_What to work on_
Find the line containing "shows that it" in the data below, then output that line and each one after it exactly, with nothing else.

[Collected data]
definition embeds :: "('v,'e) quiver \<Rightarrow> ('v,'e) evolution \<Rightarrow> ('v,'e) evolution \<Rightarrow> bool" where
  "embeds E \<alpha> \<beta> \<longleftrightarrow> evlen \<alpha> \<le> evlen \<beta> \<and>
     (\<exists>r :: nat \<Rightarrow> nat. (\<forall>k < evlen \<alpha>. r k < r (Suc k)) \<and> r (evlen \<alpha>) \<le> evlen \<beta> \<and>
        (\<forall>k \<le> evlen \<alpha>. isotypic E (vtx \<alpha> k) (vtx \<beta> (r k))))"

definition universal_evol :: "('v,'e) quiver \<Rightarrow> 'v \<Rightarrow> ('v,'e) evolution \<Rightarrow> bool" where
  "universal_evol E X ev \<longleftrightarrow> full_evol E X ev \<and> (\<forall>ev'. full_evol E X ev' \<longrightarrow> embeds E ev ev')"

definition phylogenetic :: "('v,'e) quiver \<Rightarrow> 'v \<Rightarrow> bool" where
  "phylogenetic E X \<longleftrightarrow> (\<exists>ev. universal_evol E X ev)"

definition monotonous :: "('v,'e) quiver \<Rightarrow> bool" where
  "monotonous E \<longleftrightarrow> (\<forall>A B. E A B \<noteq> {} \<longrightarrow> height E A \<ge> height E B)"

end

theory Submission
  imports Defs
begin

text \<open>Each edge raises the height by at most one, and in a monotonous quiver heights never
decrease along an evolution. Comparing a universal evolution with a minimal full evolution
shows that it has length h(X) and that its k-th vertex has height exactly k. Now let
\<open>\<alpha>\<close>, \<open>\<beta>\<close> be universal for X \<sim> Y, extend \<open>\<alpha>\<close> by an evolution from X to Y to a full
evolution \<open>\<delta>\<close> for Y, and embed \<open>\<beta>\<close> into \<open>\<delta>\<close> via indices \<open>k \<le> r k\<close>. Heights along \<open>\<delta>\<close>
are \<open>0, 1, \<dots>, m\<close> on the first m+1 vertices and at least m afterwards, while the vertex
\<open>r k\<close> has height k; this forces \<open>r k = k\<close> for \<open>k < m\<close>, i.e. \<open>\<beta>\<^sub>k \<sim> \<delta>\<^sub>k = \<alpha>\<^sub>k\<close>.\<close>

lemma length_fst_evol: "is_evol E ev \<Longrightarrow> length (fst ev) = Suc (evlen ev)"
  unfolding is_evol_def evlen_def by auto

lemma initial_eq_vtx: "is_evol E ev \<Longrightarrow> initial ev = vtx ev 0"
  unfolding is_evol_def initial_def vtx_def by (simp add: hd_conv_nth)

_Answer to the problem_
shows that it has length h(X) and that its k-th vertex has height exactly k. Now let
\<open>\<alpha>\<close>, \<open>\<beta>\<close> be universal for X \<sim> Y, extend \<open>\<alpha>\<close> by an evolution from X to Y to a full
evolution \<open>\<delta>\<close> for Y, and embed \<open>\<beta>\<close> into \<open>\<delta>\<close> via indices \<open>k \<le> r k\<close>. Heights along \<open>\<delta>\<close>
are \<open>0, 1, \<dots>, m\<close> on the first m+1 vertices and at least m afterwards, while the vertex
\<open>r k\<close> has height k; this forces \<open>r k = k\<close> for \<open>k < m\<close>, i.e. \<open>\<beta>\<^sub>k \<sim> \<delta>\<^sub>k = \<alpha>\<^sub>k\<close>.\<close>

lemma length_fst_evol: "is_evol E ev \<Longrightarrow> length (fst ev) = Suc (evlen ev)"
  unfolding is_evol_def evlen_def by auto

lemma initial_eq_vtx: "is_evol E ev \<Longrightarrow> initial ev = vtx ev 0"
  unfolding is_evol_def initial_def vtx_def by (simp add: hd_conv_nth)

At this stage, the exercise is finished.